Every line below should be repeated exactly.

Input data START

text \<open>A network is given by a set of source nodes, a set of (directed) edges, which are
pairs of nodes, and a demand function assigning to each node the set of sources it demands
(empty for non-terminals).  Messages are vectors in F^d, represented as 'f^'d with d = CARD('d);
coding matrices are d x d matrices 'f^'d^'d.
A code consists of:
 Asrc e      : matrix on an edge e leaving a source, carrying Asrc e *v x (tail e);
 Aint e' e   : local coefficient matrix from incoming edge e' to outgoing edge e at a
               non-source node;
 B t v e     : decoding matrix used by terminal t on its incoming edge e for demanded source v.\<close>

definition vlnc_equations ::
  "'v set \<Rightarrow> ('v \<times> 'v) set \<Rightarrow> (('v \<times> 'v) \<Rightarrow> 'f::semiring_1^'d^'d)
   \<Rightarrow> (('v \<times> 'v) \<Rightarrow> ('v \<times> 'v) \<Rightarrow> 'f^'d^'d) \<Rightarrow> ('v \<Rightarrow> 'f^'d) \<Rightarrow> (('v \<times> 'v) \<Rightarrow> 'f^'d) \<Rightarrow> bool"
  where
  "vlnc_equations S E Asrc Aint x y \<longleftrightarrow>
     (\<forall>e\<in>E. fst e \<in> S \<longrightarrow> y e = Asrc e *v x (fst e)) \<and>
     (\<forall>e\<in>E. fst e \<notin> S \<longrightarrow>
        y e = (\<Sum>e'\<in>{e'\<in>E. snd e' = fst e}. Aint e' e *v y e'))"

definition vlnc_solution ::
  "'v set \<Rightarrow> ('v \<times> 'v) set \<Rightarrow> ('v \<Rightarrow> 'v set) \<Rightarrow> (('v \<times> 'v) \<Rightarrow> 'f::semiring_1^'d^'d)
   \<Rightarrow> (('v \<times> 'v) \<Rightarrow> ('v \<times> 'v) \<Rightarrow> 'f^'d^'d) \<Rightarrow> ('v \<Rightarrow> 'v \<Rightarrow> ('v \<times> 'v) \<Rightarrow> 'f^'d^'d) \<Rightarrow> bool"
  where
  "vlnc_solution S E dem Asrc Aint B \<longleftrightarrow>
     (\<forall>x y. vlnc_equations S E Asrc Aint x y \<longrightarrow>
        (\<forall>t. \<forall>v\<in>dem t. (\<Sum>e\<in>{e\<in>E. snd e = t}. B t v e *v y e) = x v))"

Input data END

:: Answer box ::
text \<open>A network is given by a set of source nodes, a set of (directed) edges, which are
pairs of nodes, and a demand function assigning to each node the set of sources it demands
(empty for non-terminals).  Messages are vectors in F^d, represented as 'f^'d with d = CARD('d);
coding matrices are d x d matrices 'f^'d^'d.
A code consists of:
 Asrc e      : matrix on an edge e leaving a source, carrying Asrc e *v x (tail e);
 Aint e' e   : local coefficient matrix from incoming edge e' to outgoing edge e at a
               non-source node;
 B t v e     : decoding matrix used by terminal t on its incoming edge e for demanded source v.\<close>

definition vlnc_equations ::
  "'v set \<Rightarrow> ('v \<times> 'v) set \<Rightarrow> (('v \<times> 'v) \<Rightarrow> 'f::semiring_1^'d^'d)
   \<Rightarrow> (('v \<times> 'v) \<Rightarrow> ('v \<times> 'v) \<Rightarrow> 'f^'d^'d) \<Rightarrow> ('v \<Rightarrow> 'f^'d) \<Rightarrow> (('v \<times> 'v) \<Rightarrow> 'f^'d) \<Rightarrow> bool"
  where
  "vlnc_equations S E Asrc Aint x y \<longleftrightarrow>
     (\<forall>e\<in>E. fst e \<in> S \<longrightarrow> y e = Asrc e *v x (fst e)) \<and>
     (\<forall>e\<in>E. fst e \<notin> S \<longrightarrow>
        y e = (\<Sum>e'\<in>{e'\<in>E. snd e' = fst e}. Aint e' e *v y e'))"

definition vlnc_solution ::
  "'v set \<Rightarrow> ('v \<times> 'v) set \<Rightarrow> ('v \<Rightarrow> 'v set) \<Rightarrow> (('v \<times> 'v) \<Rightarrow> 'f::semiring_1^'d^'d)
   \<Rightarrow> (('v \<times> 'v) \<Rightarrow> ('v \<times> 'v) \<Rightarrow> 'f^'d^'d) \<Rightarrow> ('v \<Rightarrow> 'v \<Rightarrow> ('v \<times> 'v) \<Rightarrow> 'f^'d^'d) \<Rightarrow> bool"
  where
  "vlnc_solution S E dem Asrc Aint B \<longleftrightarrow>
     (\<forall>x y. vlnc_equations S E Asrc Aint x y \<longrightarrow>
        (\<forall>t. \<forall>v\<in>dem t. (\<Sum>e\<in>{e\<in>E. snd e = t}. B t v e *v y e) = x v))"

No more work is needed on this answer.